* **WORK ORDER**: Only lines holding the word "noteq" are wanted from the records; copy all of them.

Records from a dataset
========================

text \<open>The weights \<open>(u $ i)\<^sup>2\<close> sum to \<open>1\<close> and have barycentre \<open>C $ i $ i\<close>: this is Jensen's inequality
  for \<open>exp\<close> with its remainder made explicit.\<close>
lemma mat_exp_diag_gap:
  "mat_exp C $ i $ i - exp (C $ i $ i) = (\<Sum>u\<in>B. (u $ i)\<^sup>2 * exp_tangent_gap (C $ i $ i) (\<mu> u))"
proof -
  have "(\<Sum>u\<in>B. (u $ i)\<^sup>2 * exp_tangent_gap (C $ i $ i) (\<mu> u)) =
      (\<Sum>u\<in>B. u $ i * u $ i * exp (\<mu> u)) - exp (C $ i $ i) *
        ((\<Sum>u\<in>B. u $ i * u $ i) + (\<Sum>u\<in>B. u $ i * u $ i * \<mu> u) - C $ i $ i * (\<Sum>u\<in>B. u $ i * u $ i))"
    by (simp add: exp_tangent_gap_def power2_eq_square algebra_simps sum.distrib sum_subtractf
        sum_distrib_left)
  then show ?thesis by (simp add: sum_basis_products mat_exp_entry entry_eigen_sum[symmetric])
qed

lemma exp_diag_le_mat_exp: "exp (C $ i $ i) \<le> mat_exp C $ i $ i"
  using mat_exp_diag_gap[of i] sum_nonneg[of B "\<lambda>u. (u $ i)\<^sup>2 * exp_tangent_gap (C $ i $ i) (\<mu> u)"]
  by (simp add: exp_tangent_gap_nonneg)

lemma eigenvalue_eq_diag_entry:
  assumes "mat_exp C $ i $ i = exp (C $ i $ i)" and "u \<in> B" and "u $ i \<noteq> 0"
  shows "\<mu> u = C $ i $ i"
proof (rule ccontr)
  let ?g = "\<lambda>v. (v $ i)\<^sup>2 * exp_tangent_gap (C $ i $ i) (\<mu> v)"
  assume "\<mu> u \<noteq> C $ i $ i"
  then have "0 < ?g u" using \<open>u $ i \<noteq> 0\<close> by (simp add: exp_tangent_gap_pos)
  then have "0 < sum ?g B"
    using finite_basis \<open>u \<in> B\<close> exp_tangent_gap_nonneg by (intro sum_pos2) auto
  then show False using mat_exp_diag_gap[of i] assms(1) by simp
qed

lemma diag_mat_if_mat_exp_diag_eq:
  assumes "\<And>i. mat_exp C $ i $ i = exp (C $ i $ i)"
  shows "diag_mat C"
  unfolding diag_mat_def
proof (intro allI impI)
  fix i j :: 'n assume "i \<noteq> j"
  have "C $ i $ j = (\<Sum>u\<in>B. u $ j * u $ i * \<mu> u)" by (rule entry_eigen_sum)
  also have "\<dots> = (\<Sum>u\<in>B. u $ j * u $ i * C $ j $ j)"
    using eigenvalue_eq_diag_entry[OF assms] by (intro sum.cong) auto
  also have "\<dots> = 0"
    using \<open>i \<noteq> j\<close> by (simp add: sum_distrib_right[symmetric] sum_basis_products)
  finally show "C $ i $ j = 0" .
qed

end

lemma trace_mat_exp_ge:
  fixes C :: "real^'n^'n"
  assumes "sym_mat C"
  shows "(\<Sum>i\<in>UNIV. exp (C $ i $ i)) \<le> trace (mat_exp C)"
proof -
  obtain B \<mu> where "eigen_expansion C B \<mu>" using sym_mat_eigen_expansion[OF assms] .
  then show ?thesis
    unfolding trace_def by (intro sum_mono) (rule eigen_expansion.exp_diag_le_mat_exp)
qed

========================

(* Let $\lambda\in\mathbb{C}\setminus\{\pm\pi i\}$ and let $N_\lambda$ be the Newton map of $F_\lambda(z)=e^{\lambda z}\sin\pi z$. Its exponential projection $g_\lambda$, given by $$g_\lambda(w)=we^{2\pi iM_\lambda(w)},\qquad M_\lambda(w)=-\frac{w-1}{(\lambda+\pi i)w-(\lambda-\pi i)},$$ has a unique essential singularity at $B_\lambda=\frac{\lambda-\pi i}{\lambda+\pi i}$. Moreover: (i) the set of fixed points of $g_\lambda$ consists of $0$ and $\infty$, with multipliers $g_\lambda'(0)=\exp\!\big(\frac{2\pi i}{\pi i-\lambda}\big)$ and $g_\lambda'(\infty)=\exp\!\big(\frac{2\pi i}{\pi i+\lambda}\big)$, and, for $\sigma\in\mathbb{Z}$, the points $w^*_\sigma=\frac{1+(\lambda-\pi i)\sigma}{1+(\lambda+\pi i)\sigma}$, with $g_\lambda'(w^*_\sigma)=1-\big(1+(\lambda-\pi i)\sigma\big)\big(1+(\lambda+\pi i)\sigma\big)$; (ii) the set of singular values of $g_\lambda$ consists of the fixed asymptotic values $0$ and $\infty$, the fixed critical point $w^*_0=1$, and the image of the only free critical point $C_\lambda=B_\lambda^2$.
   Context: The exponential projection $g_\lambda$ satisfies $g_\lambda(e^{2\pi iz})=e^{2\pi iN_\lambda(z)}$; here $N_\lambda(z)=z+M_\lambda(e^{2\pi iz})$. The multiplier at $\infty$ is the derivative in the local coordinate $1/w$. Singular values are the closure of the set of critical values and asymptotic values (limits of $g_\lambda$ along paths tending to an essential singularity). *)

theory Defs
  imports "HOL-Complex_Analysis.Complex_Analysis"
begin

========================

* **ANSWER SPACE**:
  assumes "mat_exp C $ i $ i = exp (C $ i $ i)" and "u \<in> B" and "u $ i \<noteq> 0"
  assume "\<mu> u \<noteq> C $ i $ i"
  then have "0 < ?g u" using \<open>u $ i \<noteq> 0\<close> by (simp add: exp_tangent_gap_pos)
  fix i j :: 'n assume "i \<noteq> j"
    using \<open>i \<noteq> j\<close> by (simp add: sum_distrib_right[symmetric] sum_basis_products)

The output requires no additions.